## anonymous 4 years ago Is $$(0,1)\cup\{2\}$$ open or closed?

1. anonymous

Howcome? :(

2. anonymous

i would not say open because the complement is not closed

3. anonymous

This is what I did:

4. anonymous

open it is

5. anonymous

depends on your definition of open but one definition is for every element in A there is an open neighborhood contained in A that is not the case for the number 2

6. anonymous

A is open if $\forall x \in A \exists \epsilon\text { such that } (x-\epsilon,x+\epsilon)\in A$

7. anonymous

also clearly not closed, since it does not contain all its limit points (namely 0 and 1)

8. anonymous

Theorem: If a set $$A$$ has an isolated point, then it cannot be an open set.
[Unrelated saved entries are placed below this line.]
lemma offered_iff: "p \<in> offered l \<longleftrightarrow> p \<in> P \<and> lect p = l"
  by (simp add: offers_def)

lemma finite_offered: "finite (offered l)"
  using finite_P by (simp add: offers_def)

lemma capacity_le_lecturer_capacity:
  assumes "p \<in> P" shows "c p \<le> d (lect p)"
proof -
  have "c p \<le> Max (c ` offered (lect p))"
    using finite_offered assms by (auto simp: offers_def)
  also have "\<dots> \<le> d (lect p)"
    using valid_instance lect_in_L[OF assms] by (auto simp: spa_instance_def)
  finally show ?thesis .
qed

lemma sum_over_lecturers: "(\<Sum>p\<in>P. f p) = (\<Sum>l\<in>L. \<Sum>p\<in>offered l. f p)"
proof -
  have "P = (\<Union>l\<in>L. offered l)" using lect_in_L by (auto simp: offers_def)
  moreover have "\<forall>l\<in>L. \<forall>l'\<in>L. l \<noteq> l' \<longrightarrow> offered l \<inter> offered l' = {}"
    by (auto simp: offers_def)
  ultimately show ?thesis
    using sum.UNION_disjoint[OF finite_L _, of offered f] finite_offered by simp
qed

lemma finite_Mp: "M \<subseteq> S \<times> P \<Longrightarrow> finite (Mp M p)"
  by (rule finite_subset[OF _ finite_S]) (auto simp: Mp_def)

lemma finite_Ml: "M \<subseteq> S \<times> P \<Longrightarrow> finite (Ml M lect l)"
  by (rule finite_subset[OF _ finite_S]) (auto simp: Ml_def)

lemma card_Ml_eq_sum:
  assumes "N \<subseteq> S \<times> P" "single_valued N"
  shows "card (Ml N lect l) = (\<Sum>p\<in>offered l. card (Mp N p))"
proof -
  have "Ml N lect l = (\<Union>p\<in>offered l. Mp N p)"
    using assms(1) by (auto simp: Ml_def Mp_def offers_def)
  moreover have "\<forall>p\<in>offered l. finite (Mp N p)"
    using finite_Mp[OF assms(1)] by blast
  moreover have "\<forall>p\<in>offered l. \<forall>q\<in>offered l. p \<noteq> q \<longrightarrow> Mp N p \<inter> Mp N q = {}"
    using assms(2) by (auto simp: Mp_def single_valued_def)
  ultimately show ?thesis
    using card_UN_disjoint[OF finite_offered] by simp
qed
lemma WN_eq_pauli: "WN N = {pauli a b c 0 | a b c. a \<in> AN N \<and> b \<in> AN N \<and> c \<in> AN N}"
proof -
  have form: "tensor X (mmul {0, 1} (sigma 1) (sigma 2))
      + tensor Y (mmul {0, 1} (sigma 2) (sigma 3))
      + tensor Z (mmul {0, 1} (sigma 1) (sigma 3)) = pauli (- Y) Z (- X) 0" for X Y Z
    unfolding sigma_mult pauli_def
    by (simp add: tensor_minus_left tensor_minus_right tensor_zero_left)
  have "WN N = {pauli (- Y) Z (- X) 0 | X Y Z. X \<in> AN N \<and> Y \<in> AN N \<and> Z \<in> AN N}"
    unfolding WN_def form ..
  also have "\<dots> = {pauli a b c 0 | a b c. a \<in> AN N \<and> b \<in> AN N \<and> c \<in> AN N}"
  proof (intro equalityI subsetI)
    fix w
    assume "w \<in> {pauli (- Y) Z (- X) 0 | X Y Z. X \<in> AN N \<and> Y \<in> AN N \<and> Z \<in> AN N}"
    then show "w \<in> {pauli a b c 0 | a b c. a \<in> AN N \<and> b \<in> AN N \<and> c \<in> AN N}"
      using AN_uminus by blast
  next
    fix w
    assume "w \<in> {pauli a b c 0 | a b c. a \<in> AN N \<and> b \<in> AN N \<and> c \<in> AN N}"
    then obtain a b c where "w = pauli a b c 0" "a \<in> AN N" "b \<in> AN N" "c \<in> AN N"
      by blast
    then show "w \<in> {pauli (- Y) Z (- X) 0 | X Y Z. X \<in> AN N \<and> Y \<in> AN N \<and> Z \<in> AN N}"
      by (intro CollectI exI[of _ "- c"] exI[of _ "- a"] exI[of _ b]) (simp add: AN_uminus)
  qed
  finally show ?thesis .
qed

lemma WN_subset_SN:
  assumes N: "1 \<le> N"
  shows "WN N \<subseteq> SN N"
proof
  fix w
  assume "w \<in> WN N"
  then obtain a b c where w: "w = pauli a b c 0" and abc: "a \<in> AN N" "b \<in> AN N" "c \<in> AN N"
    unfolding WN_eq_pauli by blast
  have "tensor e (sigma k) \<in> SN N" if e: "e \<in> AN N" and k: "k \<in> {1, 2, 3}" for e k
    by (rule tensor_mem_if_matrix_units[OF SN_zero SN_add SN_scal _ e])
      (use matrix_unit_sigma_SN[OF N] k in auto)
  then show "w \<in> SN N"
    unfolding w pauli_def tensor_zero_left add_0_right using abc by (simp add: SN_add)
qed

lemma qmap_eq_iff: "qmap N u = qmap N v \<longleftrightarrow> u - v \<in> J2 N"
proof
  assume "qmap N u = qmap N v"
  moreover have "u \<in> qmap N u"
    unfolding qmap_def using J2_zero by (metis add.right_neutral image_eqI)
  ultimately show "u - v \<in> J2 N"
    unfolding qmap_def by auto
next
  assume uv: "u - v \<in> J2 N"
  show "qmap N u = qmap N v"
    unfolding qmap_def
  proof (intro equalityI image_subsetI)
    fix j
    assume "j \<in> J2 N"
    then show "u + j \<in> (\<lambda>j. v + j) ` J2 N"
      using J2_add[OF uv] by (intro rev_image_eqI[of "u - v + j"]) auto
    show "v + j \<in> (\<lambda>j. u + j) ` J2 N"
      using J2_diff[OF \<open>j \<in> J2 N\<close> uv] by (intro rev_image_eqI[of "j - (u - v)"]) auto
  qed
qed

lemma inj_on_qmap_WN: "inj_on (qmap N) (WN N)"
proof (rule inj_onI)
  fix w w'
  assume "w \<in> WN N" "w' \<in> WN N" "qmap N w = qmap N w'"
  then obtain a b c a' b' c' where w: "w = pauli a b c 0" "w' = pauli a' b' c' 0"
    and "w - w' \<in> J2 N"
    unfolding WN_eq_pauli qmap_eq_iff by blast
  then obtain M where "pauli (a - a') (b - b') (c - c') 0 = pauli 0 0 0 M"
    using J2_emb by (metis pauli_diff emb_pauli diff_zero)
  then show "w = w'"
    unfolding w by (simp add: pauli_eq_iff)
qed

lemma qmap_WN_eq_Omega2:
  assumes N: "1 \<le> N"
  shows "qmap N ` WN N = Omega2 N"
proof
  show "qmap N ` WN N \<subseteq> Omega2 N"
    unfolding Omega2_def using WN_subset_SN[OF N] by blast
  show "Omega2 N \<subseteq> qmap N ` WN N"
  proof
    fix q
    assume "q \<in> Omega2 N"
    then obtain s where s_SN: "s \<in> SN N" and q: "q = qmap N s"
      unfolding Omega2_def by blast
    obtain a b c d where abcd: "a \<in> AN N" "b \<in> AN N" "c \<in> AN N" "d \<in> AN N"
      and s: "s = pauli a b c d"
      using s_SN by (rule SN_pauli)
    have "s - pauli a b c 0 \<in> J2 N"
      using emb_J2[OF N abcd(4)] by (simp add: s pauli_diff emb_pauli)
    then have "q = qmap N (pauli a b c 0)"
      unfolding q qmap_eq_iff .
    moreover have "pauli a b c 0 \<in> WN N"
      using abcd unfolding WN_eq_pauli by blast
    ultimately show "q \<in> qmap N ` WN N"
      by blast
  qed
qed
Proof: Let $$a\in A$$ be an isolated point in A. Then there exists an $$\epsilon$$-neighborhood $$V_{\epsilon}(a)$$ such that $$V_{\epsilon}(a)\cap A=\{a\}$$. It follows that $$A$$ cannot be open since there exists no $$\epsilon$$-neighborhood $$V_{\epsilon}(a)$$ such that $$V_{\epsilon}(a)\subseteq A$$. $$\blacksquare$$

9. anonymous

(with $$\epsilon>0$$, that is)